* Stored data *
————————

theorem card_le_edge_bound:
  assumes "simple_graph E" "\<And>v. degree E v \<le> D"
  shows "card E \<le> edge_bound D (matching_number E)"
  using assms
proof (induction "card E" arbitrary: E rule: less_induct)
  case less
  have sg: "simple_graph E" and fE: "finite E" using less.prems simple_graph_finite by blast+
  have IH: "card F \<le> edge_bound D (matching_number F)" if "F \<subset> E" for F
    using less.hyps[of F] less.prems that simple_graph_subset[OF sg] degree_mono[OF fE]
      psubset_card_mono[OF fE]
    by (meson le_trans psubsetE)
  consider (essential) v where "v \<in> \<Union>E" "\<not> inessential_vertex E v"
    | (disconnected) "\<not> connected_edges E"
    | (Gallai) "connected_edges E" "\<And>y. y \<in> \<Union>E \<Longrightarrow> inessential_vertex E y"
    by blast
  then show ?case
  proof cases
    case essential
    let ?F = "{e \<in> E. v \<notin> e}"
    have "?F \<subset> E" using essential(1) by blast
    have "card E = card ?F + degree E v" using card_eq_card_delete_vertex[OF fE] .
    also have "\<dots> \<le> edge_bound D (matching_number ?F) + D" using IH[OF \<open>?F \<subset> E\<close>] less.prems(2)[of v]
      by (rule add_mono)
    also have "\<dots> \<le> edge_bound D (Suc (matching_number ?F))" by (rule edge_bound_Suc)
    also have "\<dots> \<le> edge_bound D (matching_number E)"
      using matching_number_delete_essential_vertex[OF sg essential(2)]
      by (simp add: edge_bound_mono)
    finally show ?thesis .
  next
    case disconnected
    then obtain F where FE: "F \<subseteq> E" and disj: "\<Union>F \<inter> \<Union>(E - F) = {}" and "F \<noteq> {}" "F \<noteq> E"
      unfolding connected_edges_def by blast
    then have "F \<subset> E" "E - F \<subset> E" by blast+
    have EF: "F \<union> (E - F) = E" using FE by blast
    have "card E = card F + card (E - F)" using FE fE
      by (metis card_Diff_subset card_mono finite_subset le_add_diff_inverse)
    also have "\<dots> \<le> edge_bound D (matching_number F) + edge_bound D (matching_number (E - F))"
      using IH \<open>F \<subset> E\<close> \<open>E - F \<subset> E\<close> by (simp add: add_mono)
    also have "\<dots> \<le> edge_bound D (matching_number F + matching_number (E - F))"
      by (rule edge_bound_superadditive)
    also have "\<dots> \<le> edge_bound D (matching_number E)"
      using matching_number_disjoint_Un[of F "E - F"] sg disj EF by (simp add: edge_bound_mono)
    finally show ?thesis .
  next
    case Gallai
    then show ?thesis using card_le_edge_bound_Gallai[OF sg] less.prems(2) by blast
  qed
qed

corollary card_le_max_degree_matching_number:
  assumes "simple_graph E"
  shows "num_edges E \<le> (max_degree E + 1) * matching_number E"
  using card_le_edge_bound[OF assms degree_le_max_degree[OF assms]] edge_bound_le
  unfolding num_edges_def by (rule le_trans)

section \<open>Graphs without a copy of P1 \<union> P2\<close>

definition neighbours :: "'a set set \<Rightarrow> 'a \<Rightarrow> 'a set" where
  "neighbours E a = {p. {a, p} \<in> E}"

lemma card_neighbours:
  assumes "simple_graph E"
  shows "card (neighbours E a) = degree E a"
proof -
  have "bij_betw (\<lambda>p. {a, p}) (neighbours E a) {e \<in> E. a \<in> e}"
  proof (rule bij_betwI')
    fix e assume "e \<in> {e \<in> E. a \<in> e}"
    then obtain p where "e = {a, p}"
      using card_2_obtain_other simple_graph_card_edge[OF assms]
      by (metis (no_types, lifting) mem_Collect_eq)
    then show "\<exists>p\<in>neighbours E a. e = {a, p}" using \<open>e \<in> _\<close> unfolding neighbours_def by blast
  qed (auto simp: neighbours_def doubleton_eq_iff)
  then show ?thesis unfolding degree_def by (rule bij_betw_same_card)
qed

lemma P1P2_free_meets_cherry:
  assumes free: "\<not> contains_P1P2 F" and F: "e \<in> F" "{a, p} \<in> F" "{a, q} \<in> F" and "p \<noteq> q"
  shows "e \<inter> {a, p, q} \<noteq> {}"
proof
  assume "e \<inter> {a, p, q} = {}"
  then have "e \<inter> ({a, p} \<union> {a, q}) = {}" by auto
  moreover have "{a, p} \<noteq> {a, q}" "{a, p} \<inter> {a, q} \<noteq> {}"
    using \<open>p \<noteq> q\<close> by (auto simp: doubleton_eq_iff)
  ultimately have "contains_P1P2 F"
    unfolding contains_P1P2_def using F
    by (intro bexI[where x = e] bexI[where x = "{a, p}"] bexI[where x = "{a, q}"]) auto
  then show False using free by contradiction
qed

lemma three_neighbours:
  assumes "simple_graph F" "3 \<le> degree F a"
  obtains p q r where "p \<noteq> q" "p \<noteq> r" "q \<noteq> r" "{a, p} \<in> F" "{a, q} \<in> F" "{a, r} \<in> F"
proof -
  obtain T where "T \<subseteq> neighbours F a" "card T = 3"
    using assms card_neighbours obtain_subset_with_card_n by metis
  then obtain p q r where "p \<noteq> q" "p \<noteq> r" "q \<noteq> r" "{p, q, r} \<subseteq> neighbours F a"
    by (auto simp: card_3_iff)
  then show ?thesis using that unfolding neighbours_def by blast
qed

lemma P1P2_free_edge_avoiding_centre:
  assumes sg: "simple_graph F" and free: "\<not> contains_P1P2 F"
    and F: "{a, p} \<in> F" "{a, q} \<in> F" "{a, r} \<in> F" and pqr: "p \<noteq> q" "p \<noteq> r" "q \<noteq> r"
    and h: "h \<in> F" "a \<notin> h"
  shows "h \<subseteq> {p, q, r}"
proof
  fix x assume xh: "x \<in> h"
  obtain y where "y \<noteq> x" "h = {x, y}"
    using card_2_obtain_other[OF simple_graph_card_edge[OF sg h(1)] xh] .
  moreover have "h \<inter> {p, q} \<noteq> {}" "h \<inter> {p, r} \<noteq> {}" "h \<inter> {q, r} \<noteq> {}"
    using P1P2_free_meets_cherry[OF free h(1)] F pqr h(2) by blast+
  ultimately show "x \<in> {p, q, r}" using pqr by auto
qed

lemma P1P2_free_high_degree:
  assumes sg: "simple_graph F" and free: "\<not> contains_P1P2 F" and deg: "3 \<le> degree F a"
  shows "(\<forall>e\<in>F. a \<in> e) \<or> card F \<le> 6"
proof (cases "\<forall>e\<in>F. a \<in> e")
  case False
  then obtain g where gF: "g \<in> F" and ag: "a \<notin> g" by blast
  obtain p q r where pqr: "p \<noteq> q" "p \<noteq> r" "q \<noteq> r" and F: "{a, p} \<in> F" "{a, q} \<in> F" "{a, r} \<in> F"
    using three_neighbours[OF sg deg] .
  note avoid = P1P2_free_edge_avoiding_centre[OF sg free F pqr]
  have "e \<subseteq> {a, p, q, r}" if eF: "e \<in> F" for e
  proof (cases "a \<in> e")
    case True
    obtain s where es: "e = {a, s}"
      using card_2_obtain_other[OF simple_graph_card_edge[OF sg eF] True] .
    show ?thesis
    proof (rule ccontr)
      assume "\<not> e \<subseteq> {a, p, q, r}"
      then have s: "s \<noteq> p" "s \<noteq> q" "s \<noteq> r" using es by auto
      \<comment> \<open>g lies in {p, q, r} but meets a t s for t = p, q, r, so it contains p, q and r\<close>
      have "g \<inter> {a, t, s} \<noteq> {}" if "{a, t} \<in> F" "t \<noteq> s" for t
        using P1P2_free_meets_cherry[OF free gF that(1) _ that(2)] eF es by simp
      then have "g \<inter> {p, s} \<noteq> {}" "g \<inter> {q, s} \<noteq> {}" "g \<inter> {r, s} \<noteq> {}"
        using F s ag by auto
      moreover have "s \<notin> g" using avoid[OF gF ag] s by auto
      ultimately have "{p, q, r} \<subseteq> g" by auto
      then have "card {p, q, r} \<le> 2"
        using simple_graph_card_edge[OF sg gF] card_mono[of g]
        by (metis card.infinite zero_neq_numeral)
      then show False using pqr by simp
    qed
  qed (use avoid[OF eF] in blast)
  then have "F \<subseteq> complete_graph {a, p, q, r}"
    unfolding complete_graph_def using simple_graph_card_edge[OF sg] by blast
  then have "card F \<le> card {a, p, q, r} choose 2" by (intro card_le_choose_2) simp
  also have "\<dots> \<le> 4 choose 2"
    using card_length[of "[a, p, q, r]"] by (intro binomial_right_mono) simp
  finally show ?thesis by (simp add: choose_two)
qed simp

lemma P1P2_free_low_degree:
  assumes sg: "simple_graph F" and free: "\<not> contains_P1P2 F" and deg: "\<And>v. degree F v \<le> 2"
    and F: "{a, p} \<in> F" "{a, q} \<in> F" "p \<noteq> q"
  shows "card F \<le> 6"
proof -
  let ?star = "\<lambda>v. {e \<in> F. v \<in> e}"
  have fF: "finite F" using simple_graph_finite[OF sg] .
  have "F \<subseteq> ?star a \<union> ?star p \<union> ?star q"
    using P1P2_free_meets_cherry[OF free _ F] by blast
  then have "card F \<le> card (?star a \<union> ?star p \<union> ?star q)"
    using fF by (intro card_mono) auto
  also have "\<dots> \<le> degree F a + degree F p + degree F q"
    unfolding degree_def by (meson card_Un_le add_mono le_refl order_trans)
  also have "\<dots> \<le> 6" using deg[of a] deg[of p] deg[of q] by simp
  finally show ?thesis .
qed

lemma P1P2_free_cases:
  assumes sg: "simple_graph F" and free: "\<not> contains_P1P2 F"
  shows "is_matching F F \<or> (\<exists>a. \<forall>e\<in>F. a \<in> e) \<or> card F \<le> 6"
proof (cases "\<exists>a. 3 \<le> degree F a")
  case True
  then show ?thesis using P1P2_free_high_degree[OF sg free] by blast
next
  case False
  then have deg: "degree F v \<le> 2" for v
    by (metis not_le numeral_3_eq_3 less_Suc_eq_le numeral_2_eq_2)
  show ?thesis
  proof (cases "\<forall>v. degree F v \<le> 1")
    case True
    then show ?thesis using is_matching_iff_degree_le_1 simple_graph_finite[OF sg] by blast
  next
    case False
    then obtain a where "\<not> degree F a \<le> 1" by blast
    then have "2 \<le> card (neighbours F a)" by (simp add: card_neighbours[OF sg])
    then obtain T where "T \<subseteq> neighbours F a" "card T = 2" using obtain_subset_with_card_n by metis
    then obtain p q where "p \<noteq> q" "{a, p} \<in> F" "{a, q} \<in> F"
      unfolding neighbours_def by (auto simp: card_2_iff)
    then show ?thesis using P1P2_free_low_degree[OF sg free deg] by blast
  qed
qed

lemma finite_P1P2_free_cards: "simple_graph E \<Longrightarrow> finite {card F | F. F \<subseteq> E \<and> \<not> contains_P1P2 F}"
proof -
  assume "simple_graph E"
  then have "finite (card ` Pow E)" by (simp add: simple_graph_finite)
  moreover have "{card F | F. F \<subseteq> E \<and> \<not> contains_P1P2 F} \<subseteq> card ` Pow E" by auto
  ultimately show ?thesis by (rule finite_subset[rotated])
qed

lemma card_le_ex_P1P2:
  "simple_graph E \<Longrightarrow> F \<subseteq> E \<Longrightarrow> \<not> contains_P1P2 F \<Longrightarrow> card F \<le> ex_P1P2 E"
  unfolding ex_P1P2_def using finite_P1P2_free_cards by (blast intro: Max_ge)

lemma ex_P1P2_le:
  assumes sg: "simple_graph E" and bound: "\<And>F. F \<subseteq> E \<Longrightarrow> \<not> contains_P1P2 F \<Longrightarrow> card F \<le> B"
  shows "ex_P1P2 E \<le> B"
proof -
  have "\<not> contains_P1P2 {}" unfolding contains_P1P2_def by simp
  then have "{card F | F. F \<subseteq> E \<and> \<not> contains_P1P2 F} \<noteq> {}" by blast
  then show ?thesis
    unfolding ex_P1P2_def using Max_le_iff[OF finite_P1P2_free_cards[OF sg]] bound by blast
qed

lemma degree_le_ex_P1P2: "simple_graph E \<Longrightarrow> degree E v \<le> ex_P1P2 E"
  unfolding degree_def by (rule card_le_ex_P1P2) (auto simp: contains_P1P2_def)

lemma matching_number_le_ex_P1P2:
  assumes sg: "simple_graph E"
  shows "matching_number E \<le> ex_P1P2 E"
proof -
  obtain M where M: "max_matching E M" using max_matching_exists[OF sg] by blast
  then have "M \<subseteq> E" "\<not> contains_P1P2 M"
    unfolding max_matching_def is_matching_def contains_P1P2_def by blast+
  then show ?thesis using card_le_ex_P1P2[OF sg] M by (metis max_matching_def)
qed

lemma ex_P1P2_le_max:
  assumes sg: "simple_graph E" and deg: "\<And>v. degree E v \<le> D" and nu: "matching_number E \<le> m"
  shows "ex_P1P2 E \<le> max D (max m 6)"
proof (rule ex_P1P2_le[OF sg])
  fix F assume FE: "F \<subseteq> E" and free: "\<not> contains_P1P2 F"
  from P1P2_free_cases[OF simple_graph_subset[OF sg FE] free]
  show "card F \<le> max D (max m 6)"
  proof (elim disjE exE)
    assume "is_matching F F"
    then have "card F \<le> matching_number E" using is_matching_mono FE card_le_matching_number[OF sg]
      by blast
    then show ?thesis using nu by simp
  next
    fix a assume "\<forall>e\<in>F. a \<in> e"
    then have "card F \<le> degree E a"
      unfolding degree_def using FE simple_graph_finite[OF sg] by (intro card_mono) auto
    then show ?thesis using deg[of a] by simp
  qed simp
qed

————————

* Task prompt *
Copy out each line of the data that has the word "also" in it.

* Exercise response *
    also have "\<dots> \<le> edge_bound D (matching_number ?F) + D" using IH[OF \<open>?F \<subset> E\<close>] less.prems(2)[of v]
    also have "\<dots> \<le> edge_bound D (Suc (matching_number ?F))" by (rule edge_bound_Suc)
    also have "\<dots> \<le> edge_bound D (matching_number E)"
    also have "\<dots> \<le> edge_bound D (matching_number F) + edge_bound D (matching_number (E - F))"
    also have "\<dots> \<le> edge_bound D (matching_number F + matching_number (E - F))"
    also have "\<dots> \<le> edge_bound D (matching_number E)"
  also have "\<dots> \<le> 4 choose 2"
  also have "\<dots> \<le> degree F a + degree F p + degree F q"
  also have "\<dots> \<le> 6" using deg[of a] deg[of p] deg[of q] by simp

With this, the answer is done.